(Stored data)
lemma det_kron_one_nonzero:
  fixes K :: "'a::field mat"
  assumes K: "K \<in> carrier_mat m m" and "det K \<noteq> 0"
  shows "det (kron K (1\<^sub>m n)) \<noteq> 0"
proof -
  obtain P where P: "P \<in> carrier_mat m m" and "K * P = 1\<^sub>m m"
    using det_non_zero_imp_unit[OF assms, of "()"] unfolding Units_def ring_mat_def by auto
  then have "kron K (1\<^sub>m n) * kron P (1\<^sub>m n) = 1\<^sub>m (m * n)"
    using kron_one_mult[OF K P] kron_one_one by metis
  then have "det (kron K (1\<^sub>m n) * kron P (1\<^sub>m n)) = 1" by simp
  then have "det (kron K (1\<^sub>m n)) * det (kron P (1\<^sub>m n)) = 1"
    by (simp add: det_mult[OF kron_one_carrier[OF K] kron_one_carrier[OF P]])
  then show ?thesis by auto
qed

lemma stack_carrier_index:
  assumes "\<forall>A\<in>set As. A \<in> carrier_mat r c"
  shows "stack c As \<in> carrier_mat (length As * r) c \<and>
    (\<forall>i j. i < length As * r \<longrightarrow> j < c \<longrightarrow> stack c As $$ (i, j) = As ! (i div r) $$ (i mod r, j))"
  using assms
proof (induction As)
  case (Cons A As)
  then have A: "A \<in> carrier_mat r c" and IH: "stack c As \<in> carrier_mat (length As * r) c"
    "\<forall>i j. i < length As * r \<longrightarrow> j < c \<longrightarrow> stack c As $$ (i, j) = As ! (i div r) $$ (i mod r, j)"
    by auto
  have "stack c (A # As) $$ (i, j) = (A # As) ! (i div r) $$ (i mod r, j)"
    if i: "i < length (A # As) * r" and j: "j < c" for i j
  proof (cases "i < r")
    case False
    moreover have "r > 0" using i by (cases r) auto
    ultimately have "i - r < length As * r" "(i - r) div r = i div r - 1"
        "(i - r) mod r = i mod r" "i div r \<noteq> 0"
      using i by (auto simp: le_div_geq le_mod_geq)
    then show ?thesis using A IH j False by (cases "i div r") auto
  qed (use A IH j in auto)
  then show ?case using A IH by auto
qed simp
(* Let $(C,S)$ be a partially shaded tree, where $C$ is the support tree of a vertex of a non-degenerate transportation polytope $\mathrm{TP}(u,v)$, and assume: (1) (UNO) holds in $(C,S)$; (2) no shaded $+$edge is incident to an open supply node; (3) a supply node $\sigma$ satisfies (SIN) in $(C,S)$. Choose an edge $e=\{\sigma,\delta\}$ incident to $\sigma$ as follows: if there is a $-$edge of $F$ incident to $\sigma$ not yet in $S$, let $e$ be one such edge; otherwise let $e$ be the unique $+$edge of $F$ incident to $\sigma$. (Insert and) shade $e$ to obtain the succeeding partially shaded tree $(\hat C,\hat S)$. Then exactly one of the following holds: (i) if $\delta^*$ is well-connected in $(\hat C,\hat S)$, then $(\hat C,\hat S)$ is fully shaded, i.e. $\hat C=F$ and all its edges are shaded; (ii) otherwise, $(\hat C,\hat S)$ is not fully shaded, (UNO) holds in $(\hat C,\hat S)$, and there is an open supply node satisfying (SIN) in $(\hat C,\hat S)$; such a node is obtained as follows: let $\delta'$ be the demand node of the deleted edge if $e$ was inserted, and $\delta'=\delta$ if $e$ was only shaded; if $\hat C$ contains an unshaded edge $\{\sigma',\delta'\}$, take $\sigma'$; otherwise take the supply node $\sigma''$ of the unique $-$edge $\{\sigma'',\delta'\}$ incident to $\delta'$.
   Context: Let $N_1,N_2\ge1$, $u\in\mathbb{R}_{>0}^{N_1}$, $v\in\mathbb{R}_{>0}^{N_2}$ with $\sum_iu_i=\sum_jv_j$, and $\mathrm{TP}(u,v)=\{y\in\mathbb{R}^{N_1\times N_2}: \sum_j y_{ij}=u_i\ \forall i,\ \sum_i y_{ij}=v_j\ \forall j,\ y\ge 0\}$. Supply nodes $\sigma^1,\dots,\sigma^{N_1}$ and demand nodes $\delta^1,\dots,\delta^{N_2}$ form $K_{N_1,N_2}$; the support graph of $y$ consists of edges $\{\sigma^i,\delta^j\}$ with $y_{ij}>0$. $\mathrm{TP}(u,v)$ is non-degenerate if there are no nonempty proper $I\subsetneq\{1,\dots,N_1\}$, $J\subsetneq\{1,\dots,N_2\}$ with $\sum_{i\in I}u_i=\sum_{j\in J}v_j$; then each vertex's support graph is a spanning tree of $K_{N_1,N_2}$ determining the vertex (called a tree). Pivot: for a tree $C$ and an edge $e\notin C$, $C\cup\{e\}$ contains a unique cycle; alternately increasing (starting at $e$) and decreasing flow along it by the largest feasible amount yields an adjacent vertex whose tree is $C\cup\{e\}$ minus exactly one edge of the cycle (the deleted edge, determined by the margins). Fix a tree $F$ and a demand node $\delta^*$; label edges of $F$ alternately $+,-,+,\dots$ along paths in $F$ starting at $\delta^*$, beginning with $+$ (each supply node is incident in $F$ to exactly one $+$edge; each demand node other than $\delta^*$ to exactly one $-$edge; $\delta^*$ only to $+$edges). A partially shaded tree is $(C,S)$ with $C$ a tree and $S\subseteq C\cap F$ the shaded edges (others unshaded); shaded edges carry their $F$-labels; it is fully shaded if $S=C$. (Inserting and) shading an edge $e\in F\setminus S$: if $e\in C$, set $\hat C=C$ and shade $e$; if $e\notin C$, let $\hat C$ be the tree obtained by pivoting $e$ into $C$ and shade $e$; $\hat S$ is $S\cup\{e\}$ (minus the deleted edge if it was shaded). A supply node is well-connected if all edges of $F$ incident to it are shaded edges of the current tree, otherwise open; a demand node is well-connected if it is incident to no unshaded edge of the current tree, otherwise open. A well-connected edge is a shaded edge incident to a well-connected node. Well-connected components: connected components of the graph on all nodes with the well-connected edges as edges. (UNO) holds if every well-connected component contains exactly one open node. For a supply node $\sigma$, number the edges of the current tree along paths starting at $\sigma$ (edges at $\sigma$ get $1$); an edge is odd w.r.t. $\sigma$ if its number is odd. $\sigma$ satisfies (SIN) if every odd edge w.r.t. $\sigma$ is unshaded or a shaded $-$edge incident to a well-connected demand node. *)

theory Defs
  imports Complex_Main
begin
(* Let $\mu,\nu,\rho\in\mathbb{N}$ with $2\rho<\nu$ and $P(\mu+\nu)\le\rho$. Let $\mathcal E$ be the set of pairs $(m,n)\in\{q^{\mu-2},\dots,q^\mu-1\}\times\{q^{\nu-2},\dots,q^\nu-1\}$ for which there exists an integer $0\le k<q^{\mu+\rho}$ with $$f_P(mn+k)\overline{f_P(mn)}\ne f_P^{(\mu+2\rho)}(mn+k)\overline{f_P^{(\mu+2\rho)}(mn)}.$$ Then $\#\mathcal E\ll(\log q)\,q^{\mu+\nu-\rho+P(\mu+\nu+1)}$.
   Context: Fix an integer $q\ge2$. For an integer $n\ge0$, $\varepsilon_i(n)$ is the $i$-th digit of $n$ in base $q$ ($\varepsilon_0$ the units digit). For real $x>0$, $T_q(x)=\lfloor\log x/\log q\rfloor$. $e(x)=\exp(2\pi ix)$. $P:\mathbb{N}\to\mathbb{N}$ is a nondecreasing integer-valued function. For integers $x,y\ge0$, $a_P(x,y)=\sum_{i\ge0}\varepsilon_{i+P(y)}(x)\cdots\varepsilon_i(x)$. Fix $\alpha\in\mathbb{R}$; $f_P(x,y)=e(\alpha a_P(x,y))$ and $f_P(n)=f_P(n,T_q(n))$. For an integer $\rho\ge0$, $f_P^{(\rho)}(x,y)=f_P(x\bmod q^\rho,y)$ and $f_P^{(\rho)}(n)=f_P^{(\rho)}(n,T_q(n))$. The implied constant depends at most on $q$. *)

theory Defs
  imports Complex_Main
begin

definition digit :: "nat \<Rightarrow> nat \<Rightarrow> nat \<Rightarrow> nat" where
  "digit q i n = (n div q ^ i) mod q"

definition Tq :: "nat \<Rightarrow> nat \<Rightarrow> nat" where
  "Tq q x = nat \<lfloor>ln (real x) / ln (real q)\<rfloor>"

definition e :: "real \<Rightarrow> complex" where
  "e x = exp (2 * of_real pi * \<i> * of_real x)"

text \<open>a_P(x,y) = sum over i >= 0 of digit_{i+P(y)}(x) * ... * digit_i(x);
  the summand is nonzero for only finitely many i, so we sum over its support.\<close>
definition aP :: "nat \<Rightarrow> (nat \<Rightarrow> nat) \<Rightarrow> nat \<Rightarrow> nat \<Rightarrow> nat" where
  "aP q P x y = (\<Sum>i \<in> {i. (\<Prod>j\<le>P y. digit q (i + j) x) \<noteq> 0}.
                    \<Prod>j\<le>P y. digit q (i + j) x)"

definition fP2 :: "nat \<Rightarrow> real \<Rightarrow> (nat \<Rightarrow> nat) \<Rightarrow> nat \<Rightarrow> nat \<Rightarrow> complex" where
  "fP2 q \<alpha> P x y = e (\<alpha> * real (aP q P x y))"

definition fP :: "nat \<Rightarrow> real \<Rightarrow> (nat \<Rightarrow> nat) \<Rightarrow> nat \<Rightarrow> complex" where
  "fP q \<alpha> P n = fP2 q \<alpha> P n (Tq q n)"

definition fPrho2 :: "nat \<Rightarrow> real \<Rightarrow> (nat \<Rightarrow> nat) \<Rightarrow> nat \<Rightarrow> nat \<Rightarrow> nat \<Rightarrow> complex" where
  "fPrho2 q \<alpha> P \<rho> x y = fP2 q \<alpha> P (x mod q ^ \<rho>) y"

definition fPrho :: "nat \<Rightarrow> real \<Rightarrow> (nat \<Rightarrow> nat) \<Rightarrow> nat \<Rightarrow> nat \<Rightarrow> complex" where
  "fPrho q \<alpha> P \<rho> n = fPrho2 q \<alpha> P \<rho> n (Tq q n)"

end

theory Submission
  imports Defs
begin

text \<open>
  Put \<open>s = \<mu> + 2\<rho> - P(\<mu>+\<nu>)\<close>. If adding \<open>k < q^(\<mu>+\<rho>)\<close> to \<open>mn\<close> causes no carry into
  position \<open>s\<close>, then \<open>mn\<close> and \<open>mn + k\<close> have the same digits from position \<open>s\<close> on and the same
  value of \<open>T_q\<close>. Every product of \<open>P(y)+1\<close> consecutive digits occurring in \<open>a_P\<close> then either
  starts at or above \<open>s\<close>, and is the same for \<open>mn\<close> and \<open>mn + k\<close>, or lies entirely below
  \<open>\<mu> + 2\<rho>\<close>, and is not affected by the truncation; so both sides of the defining inequality
  agree (if \<open>mn < q^s\<close> there is no truncation at all). Hence an exceptional pair satisfies \<open>(mn mod q^s) + q^(\<mu>+\<rho>) > q^s\<close>. For fixed \<open>m\<close>
  the multiples \<open>mn\<close> with \<open>n < q^\<nu>\<close> meet at most \<open>mq^\<nu>/q^s + 1\<close> such windows below
  multiples of \<open>q^s\<close>, each at most \<open>q^(\<mu>+\<rho>)/m + 1\<close> times, which gives
  \<open>O(q \<cdot> q^(\<nu>-\<rho>+P(\<mu>+\<nu>)))\<close> values of \<open>n\<close>.
\<close>

lemma div_pow_mod_pow:
  fixes q x :: nat
  assumes "s \<le> l" "q > 0"
  shows "(x mod q ^ l) div q ^ s = x div q ^ s mod q ^ (l - s)"
proof -
  have "q ^ l = q ^ s * q ^ (l - s)"
    using assms by (simp flip: power_add)
  then show ?thesis
    using assms by (simp add: mod_mult2_eq)
qed

lemma digit_mod_pow:
  assumes "i < l" "q > 0"
  shows "digit q i (x mod q ^ l) = digit q i x"
proof -
  have "q dvd q ^ (l - i)"
    using assms by simp
  then show ?thesis
    using assms by (simp add: digit_def div_pow_mod_pow mod_mod_cancel)
qed

lemma digit_eq_if_div_pow_eq:
  assumes "s \<le> i" "x div q ^ s = x' div q ^ s"
  shows "digit q i x = digit q i x'"
proof -
  have "q ^ i = q ^ s * q ^ (i - s)"
    using assms by (simp flip: power_add)
  then show ?thesis
    using assms by (simp add: digit_def div_mult2_eq)
qed

lemma pow_le_if_digit_nonzero:
  assumes "digit q i x \<noteq> 0"
  shows "q ^ i \<le> x"
proof -
  have "x div q ^ i \<noteq> 0"
    using assms by (metis digit_def div_0 mod_0)
  then show ?thesis
    by (metis div_less not_le)
qed

definition aP_term :: "nat \<Rightarrow> (nat \<Rightarrow> nat) \<Rightarrow> nat \<Rightarrow> nat \<Rightarrow> nat \<Rightarrow> nat" where
  "aP_term q P x y i = (\<Prod>j\<le>P y. digit q (i + j) x)"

— WORK TO COMPLETE —
Among the records above, find each line containing the string "shows" and copy it.

— EXPECTED ANSWER —
  shows "det (kron K (1\<^sub>m n)) \<noteq> 0"
  shows "stack c As \<in> carrier_mat (length As * r) c \<and>
  shows "(x mod q ^ l) div q ^ s = x div q ^ s mod q ^ (l - s)"
  shows "digit q i (x mod q ^ l) = digit q i x"
  shows "digit q i x = digit q i x'"
  shows "q ^ i \<le> x"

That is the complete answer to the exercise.